# [Problem description]
Write out the lines from the top of the material through the line with "sqrt (\<Sum>i<dim_vec v.", exactly and with nothing added.

# [Exercise input]
(* Let $n\geq 2$, let $\Omega$ be a region (nonempty open connected subset) of $\mathbb{C}$, and let $F:\Omega\to\mathbb{M}_n$ be analytic. If there is a $z_0\in\Omega$ such that $\|F(z)\|\leq\|F(z_0)\|$ for all $z\in\Omega$, then there exist constant $n\times n$ unitary matrices $U$ and $V$ and an analytic function $G:\Omega\to\mathbb{M}_{n-1}$ such that \[F(z)=U\begin{bmatrix}\|F(z_0)\| & 0\\ 0 & G(z)\end{bmatrix}V\quad\text{for all } z\in\Omega.\]
   Context: $\mathbb{M}_n$ denotes the set of $n\times n$ complex matrices (the paper takes $n>1$ throughout). $\|T\|$ denotes the operator norm of $T\in\mathbb{M}_n$ induced by the Euclidean norm on $\mathbb{C}^n$. A function $F:\Omega\to\mathbb{M}_n$ is analytic if it is complex differentiable with respect to this norm, equivalently if every entry of $F$ is analytic on $\Omega$. A matrix $A$ is unitary if $A^*A=AA^*=I$. *)

theory Defs
  imports "HOL-Analysis.Analysis" "Jordan_Normal_Form.Matrix"
begin

definition vnorm :: "complex vec \<Rightarrow> real" where
  "vnorm v = sqrt (\<Sum>i<dim_vec v. (cmod (v $ i))\<^sup>2)"

definition opnorm :: "complex mat \<Rightarrow> real" where
  "opnorm A = Sup {vnorm (A *\<^sub>v x) | x. x \<in> carrier_vec (dim_col A) \<and> vnorm x = 1}"

definition adj :: "complex mat \<Rightarrow> complex mat" where
  "adj A = mat (dim_col A) (dim_row A) (\<lambda>(i,j). cnj (A $$ (j,i)))"

definition unitary_mat :: "nat \<Rightarrow> complex mat \<Rightarrow> bool" where
  "unitary_mat n A \<longleftrightarrow> A \<in> carrier_mat n n \<and> adj A * A = 1\<^sub>m n \<and> A * adj A = 1\<^sub>m n"

definition mat_analytic_on :: "nat \<Rightarrow> (complex \<Rightarrow> complex mat) \<Rightarrow> complex set \<Rightarrow> bool" where
  "mat_analytic_on n F S \<longleftrightarrow> (\<forall>z\<in>S. F z \<in> carrier_mat n n) \<and>
     (\<forall>i<n. \<forall>j<n. (\<lambda>z. F z $$ (i,j)) analytic_on S)"

end

(* Let M = \<parallel>F z0\<parallel> and choose unit vectors x, y with F z0 x = M y. The analytic function
   z \<mapsto> <F z x, y> is bounded by M and attains M at z0, so by the maximum modulus principle it
   is constantly M, and the equality case of Cauchy-Schwarz gives F z x = M y and, dually,
   (F z)\<^sup>* y = M x on all of the region. Completing x and y to unitary matrices W and U, the
   matrix U\<^sup>* (F z) W has first row and first column (M, 0, ..., 0); this is the block form,
   with V = W\<^sup>*. *)

theory Submission
  imports Defs "HOL-Complex_Analysis.Conformal_Mappings" "Jordan_Normal_Form.Schur_Decomposition"
begin

section \<open>Inner product and Euclidean norm\<close>

lemma index_mult_mat_vec_sum:
  assumes "A \<in> carrier_mat m n" "x \<in> carrier_vec n" "i < m"
  shows "(A *\<^sub>v x) $ i = (\<Sum>j<n. A $$ (i,j) * x $ j)"
  using assms by (simp add: scalar_prod_def lessThan_atLeast0)

lemma cscalar_prod_complex:
  fixes u v :: "complex vec"
  shows "u \<bullet>c v = (\<Sum>i<dim_vec v. u $ i * cnj (v $ i))"
  by (simp add: scalar_prod_def lessThan_atLeast0)

lemma cscalar_prod_swap:
  fixes u v :: "complex vec"
  assumes "dim_vec u = dim_vec v"
  shows "v \<bullet>c u = cnj (u \<bullet>c v)"
  using assms by (simp add: cscalar_prod_complex mult.commute)

lemma cscalar_prod_smult:
  fixes u w :: "complex vec"
  assumes "dim_vec u = dim_vec w"
  shows "(a \<cdot>\<^sub>v u) \<bullet>c (b \<cdot>\<^sub>v w) = a * cnj b * (u \<bullet>c w)"
  using assms by (auto simp: cscalar_prod_complex sum_distrib_left algebra_simps intro!: sum.cong)

lemma vnorm_eq_L2_set: "vnorm v = L2_set (\<lambda>i. cmod (v $ i)) {..<dim_vec v}"
  unfolding vnorm_def L2_set_def by simp

lemma vnorm_nonneg: "vnorm v \<ge> 0"
  unfolding vnorm_eq_L2_set by simp

lemma cscalar_prod_self: "v \<bullet>c v = of_real ((vnorm v)\<^sup>2)"
proof -
  have "(vnorm v)\<^sup>2 = (\<Sum>i<dim_vec v. (cmod (v $ i))\<^sup>2)"
    unfolding vnorm_def by (simp add: sum_nonneg)
  then show ?thesis
    unfolding cscalar_prod_complex by (simp add: complex_norm_square[symmetric])
qed

lemma vnorm_smult: "vnorm (c \<cdot>\<^sub>v v) = cmod c * vnorm v"
proof -
  have "L2_set (\<lambda>i. cmod ((c \<cdot>\<^sub>v v) $ i)) {..<dim_vec v} = L2_set (\<lambda>i. cmod c * cmod (v $ i)) {..<dim_vec v}"
    by (rule L2_set_cong) (auto simp: norm_mult)
  then show ?thesis unfolding vnorm_eq_L2_set by (simp add: L2_set_right_distrib)
qed

lemma vnorm_eq_0_iff: "vnorm v = 0 \<longleftrightarrow> v = 0\<^sub>v (dim_vec v)"
proof
  assume "vnorm v = 0"
  then have "\<forall>i\<in>{..<dim_vec v}. cmod (v $ i) = 0"
    unfolding vnorm_eq_L2_set by (subst L2_set_eq_0_iff[symmetric]) auto
  then show "v = 0\<^sub>v (dim_vec v)" by (intro eq_vecI) auto
next
  assume "v = 0\<^sub>v (dim_vec v)"
  then have "\<And>i. i < dim_vec v \<Longrightarrow> v $ i = 0" by (metis index_zero_vec(1))
  then show "vnorm v = 0" by (simp add: vnorm_def)
qed

lemma vnorm_unit_vec: "i < n \<Longrightarrow> vnorm (unit_vec n i :: complex vec) = 1"
proof -
  assume "i < n"
  have "(\<Sum>k<n. (cmod (unit_vec n i $ k :: complex))\<^sup>2) = (\<Sum>k<n. if k = i then 1 else 0)"
    by (rule sum.cong) (auto simp: unit_vec_def)
  with \<open>i < n\<close> show ?thesis by (simp add: vnorm_def)
qed

lemma exists_unit_vec_smult_eq:
  fixes v :: "complex vec"
  assumes v: "v \<in> carrier_vec n" and n: "n > 0"
  obtains y where "y \<in> carrier_vec n" "vnorm y = 1" "v = of_real (vnorm v) \<cdot>\<^sub>v y"
proof (cases "vnorm v = 0")
  case True
  then have "v = of_real (vnorm v) \<cdot>\<^sub>v unit_vec n 0"
    using v vnorm_eq_0_iff[of v] by (intro eq_vecI) auto
  then show ?thesis using n vnorm_unit_vec[OF n] by (intro that[of "unit_vec n 0"]) auto
next
  case False
  then have pos: "vnorm v > 0" using vnorm_nonneg[of v] by linarith
  define y where "y = of_real (1 / vnorm v) \<cdot>\<^sub>v v"
  have "y \<in> carrier_vec n" unfolding y_def using v by simp
  moreover have "vnorm y = 1" unfolding y_def using pos by (simp add: vnorm_smult norm_divide)
  moreover have "v = of_real (vnorm v) \<cdot>\<^sub>v y" unfolding y_def using pos by (intro eq_vecI) auto
  ultimately show ?thesis by (rule that)
qed

lemma norm_cscalar_prod_le:
  assumes "dim_vec u = dim_vec v"
  shows "cmod (u \<bullet>c v) \<le> vnorm u * vnorm v"
proof -
  have "cmod (u \<bullet>c v) \<le> (\<Sum>i<dim_vec v. \<bar>cmod (u $ i)\<bar> * \<bar>cmod (v $ i)\<bar>)"
    unfolding cscalar_prod_complex by (rule order_trans[OF norm_sum]) (simp add: norm_mult)
  also have "\<dots> \<le> L2_set (\<lambda>i. cmod (u $ i)) {..<dim_vec v} * L2_set (\<lambda>i. cmod (v $ i)) {..<dim_vec v}"
    by (rule L2_set_mult_ineq)
  finally show ?thesis unfolding vnorm_eq_L2_set using assms by simp
qed

text \<open>Equality case of Cauchy--Schwarz: \<open>\<parallel>u - M y\<parallel>\<^sup>2 = \<parallel>u\<parallel>\<^sup>2 - M\<^sup>2 \<le> 0\<close>.\<close>
lemma eq_smult_of_cscalar_prod_eq:
  fixes u y :: "complex vec"
  assumes dim: "dim_vec u = dim_vec y" and y: "vnorm y = 1" and u: "vnorm u \<le> M"
    and uy: "u \<bullet>c y = of_real M"
  shows "u = of_real M \<cdot>\<^sub>v y"
proof -
  define d where "d = u - of_real M \<cdot>\<^sub>v y"
  have "y \<bullet>c u = of_real M" using cscalar_prod_swap[OF dim] uy by simp
  moreover have "d \<bullet>c d = u \<bullet>c u - of_real M * (u \<bullet>c y) - of_real M * (y \<bullet>c u) + of_real (M * M) * (y \<bullet>c y)"
    using dim unfolding d_def cscalar_prod_complex
    by (simp add: sum_subtractf sum.distrib sum_distrib_left algebra_simps)
  ultimately have "d \<bullet>c d = of_real ((vnorm u)\<^sup>2 - M\<^sup>2)"
    using uy y by (simp add: cscalar_prod_self power2_eq_square)
  then have "(vnorm d)\<^sup>2 = (vnorm u)\<^sup>2 - M\<^sup>2"
    by (metis cscalar_prod_self of_real_eq_iff)
  moreover have "(vnorm u)\<^sup>2 \<le> M\<^sup>2" using u vnorm_nonneg by (simp add: power_mono)
  ultimately have "(vnorm d)\<^sup>2 \<le> 0" by linarith
  then have "vnorm d = 0" by simp
  then have "d = 0\<^sub>v (dim_vec y)" using dim by (simp add: vnorm_eq_0_iff d_def)
  show ?thesis
  proof (rule eq_vecI)
    fix i assume "i < dim_vec (of_real M \<cdot>\<^sub>v y)"
    moreover from this have "d $ i = 0" using \<open>d = 0\<^sub>v (dim_vec y)\<close> by simp
    ultimately show "u $ i = (of_real M \<cdot>\<^sub>v y) $ i" using dim by (simp add: d_def)
  qed (use dim in simp)
qed

section \<open>Operator norm\<close>

lemma vnorm_vec: "vnorm (vec n f) = sqrt (\<Sum>i<n. (cmod (f i))\<^sup>2)"
  by (simp add: vnorm_def)

text \<open>Compactness of the unit sphere is obtained in the product space \<open>nat \<Rightarrow> complex\<close>, with the
  coefficients beyond \<open>n\<close> fixed to \<open>0\<close>.\<close>
lemma compact_unit_sphere_coeffs:
  "compact {f :: nat \<Rightarrow> complex. (\<forall>i. f i \<in> (if i < n then cball 0 1 else {0})) \<and> vnorm (vec n f) = 1}"
proof -
  let ?K = "\<lambda>i::nat. if i < n then cball (0::complex) 1 else {0}"
  have "compactin (product_topology (\<lambda>i. euclidean) UNIV) (PiE UNIV ?K)"
    by (subst compactin_PiE) simp
  moreover have "PiE UNIV ?K = {f. \<forall>i. f i \<in> ?K i}"
    by (simp add: PiE_def Pi_def extensional_def)
  ultimately have "compact {f. \<forall>i. f i \<in> ?K i}"
    by (simp add: euclidean_product_topology)
  moreover have "closed {f :: nat \<Rightarrow> complex. vnorm (vec n f) = 1}"
    unfolding vnorm_vec
    by (intro closed_Collect_eq continuous_intros continuous_on_subset[OF continuous_on_product_coordinates]) auto
  ultimately show ?thesis
    by (simp add: Collect_conj_eq compact_Int_closed)
qed

lemma opnorm_attained:
  fixes A :: "complex mat"
  assumes A: "A \<in> carrier_mat m n" and n: "n > 0"
  obtains x where "x \<in> carrier_vec n" "vnorm x = 1" "vnorm (A *\<^sub>v x) = opnorm A"
    and "\<And>z. z \<in> carrier_vec n \<Longrightarrow> vnorm z = 1 \<Longrightarrow> vnorm (A *\<^sub>v z) \<le> opnorm A"
proof -
  define S where "S = {f :: nat \<Rightarrow> complex. (\<forall>i. f i \<in> (if i < n then cball 0 1 else {0})) \<and> vnorm (vec n f) = 1}"
  have coeffs_in_S: "(\<lambda>i. if i < n then z $ i else 0) \<in> S" and vec_coeffs: "vec n (\<lambda>i. if i < n then z $ i else 0) = z"
    if "z \<in> carrier_vec n" "vnorm z = 1" for z :: "complex vec"
  proof -
    show "vec n (\<lambda>i. if i < n then z $ i else 0) = z" using that(1) by auto
    then show "(\<lambda>i. if i < n then z $ i else 0) \<in> S"
      using that vnorm_eq_L2_set[of z] member_le_L2_set[of "{..<n}" _ "\<lambda>i. cmod (z $ i)"] by (auto simp: S_def)
  qed
  have "unit_vec n 0 \<in> carrier_vec n" "vnorm (unit_vec n 0 :: complex vec) = 1"
    using n by (auto simp: vnorm_unit_vec)
  then have "S \<noteq> {}" using coeffs_in_S by blast
  moreover have "continuous_on S (\<lambda>f. vnorm (A *\<^sub>v vec n f))"
  proof -
    have mv: "A *\<^sub>v vec n f = vec m (\<lambda>i. \<Sum>j<n. A $$ (i,j) * f j)" for f
      using A by (intro eq_vecI) (auto simp: scalar_prod_def lessThan_atLeast0)
    show ?thesis
      unfolding mv vnorm_vec by (intro continuous_intros continuous_on_subset[OF continuous_on_product_coordinates]) auto
  qed
  ultimately obtain f where f: "f \<in> S" and f_max: "\<And>g. g \<in> S \<Longrightarrow> vnorm (A *\<^sub>v vec n g) \<le> vnorm (A *\<^sub>v vec n f)"
    using continuous_attains_sup[OF compact_unit_sphere_coeffs[of n, folded S_def]] by blast
  define x where "x = vec n f"
  have x: "x \<in> carrier_vec n" "vnorm x = 1" using f by (auto simp: S_def x_def)
  have le: "vnorm (A *\<^sub>v z) \<le> vnorm (A *\<^sub>v x)" if "z \<in> carrier_vec n" "vnorm z = 1" for z
    using f_max[OF coeffs_in_S[OF that]] vec_coeffs[OF that] by (simp add: x_def)
  have "opnorm A = vnorm (A *\<^sub>v x)"
    unfolding opnorm_def using A x le by (intro cSup_eq_maximum) auto
  with x le that show ?thesis by auto
qed

lemma vnorm_mult_mat_vec_le:
  fixes A :: "complex mat"
  assumes A: "A \<in> carrier_mat m n" and v: "v \<in> carrier_vec n"
  shows "vnorm (A *\<^sub>v v) \<le> opnorm A * vnorm v"
proof (cases "vnorm v = 0")
  case True
  then have "A *\<^sub>v v = 0\<^sub>v m" using A v by (intro eq_vecI) (auto simp: vnorm_eq_0_iff)
  then show ?thesis using True by (simp add: vnorm_def)
next
  case False
  then have pos: "vnorm v > 0" using vnorm_nonneg[of v] by linarith
  then have "n > 0" using v by (cases "n = 0") (auto simp: vnorm_def)
  define x where "x = of_real (1 / vnorm v) \<cdot>\<^sub>v v"
  have "x \<in> carrier_vec n" "vnorm x = 1"
    unfolding x_def using v pos by (auto simp: vnorm_smult norm_divide)
  then have "vnorm (A *\<^sub>v x) \<le> opnorm A"
    using opnorm_attained[OF A \<open>n > 0\<close>] by metis
  moreover have "vnorm (A *\<^sub>v x) = vnorm (A *\<^sub>v v) / vnorm v"
    unfolding x_def using A v pos by (simp add: mult_mat_vec vnorm_smult norm_divide)
  ultimately show ?thesis using pos by (simp add: field_simps)
qed

section \<open>Adjoint and unitary matrices\<close>

lemma adj_carrier [simp]: "A \<in> carrier_mat m n \<Longrightarrow> adj A \<in> carrier_mat n m"
  unfolding adj_def by auto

# [Result of this exercise]
(* Let $n\geq 2$, let $\Omega$ be a region (nonempty open connected subset) of $\mathbb{C}$, and let $F:\Omega\to\mathbb{M}_n$ be analytic. If there is a $z_0\in\Omega$ such that $\|F(z)\|\leq\|F(z_0)\|$ for all $z\in\Omega$, then there exist constant $n\times n$ unitary matrices $U$ and $V$ and an analytic function $G:\Omega\to\mathbb{M}_{n-1}$ such that \[F(z)=U\begin{bmatrix}\|F(z_0)\| & 0\\ 0 & G(z)\end{bmatrix}V\quad\text{for all } z\in\Omega.\]
   Context: $\mathbb{M}_n$ denotes the set of $n\times n$ complex matrices (the paper takes $n>1$ throughout). $\|T\|$ denotes the operator norm of $T\in\mathbb{M}_n$ induced by the Euclidean norm on $\mathbb{C}^n$. A function $F:\Omega\to\mathbb{M}_n$ is analytic if it is complex differentiable with respect to this norm, equivalently if every entry of $F$ is analytic on $\Omega$. A matrix $A$ is unitary if $A^*A=AA^*=I$. *)

theory Defs
  imports "HOL-Analysis.Analysis" "Jordan_Normal_Form.Matrix"
begin

definition vnorm :: "complex vec \<Rightarrow> real" where
  "vnorm v = sqrt (\<Sum>i<dim_vec v. (cmod (v $ i))\<^sup>2)"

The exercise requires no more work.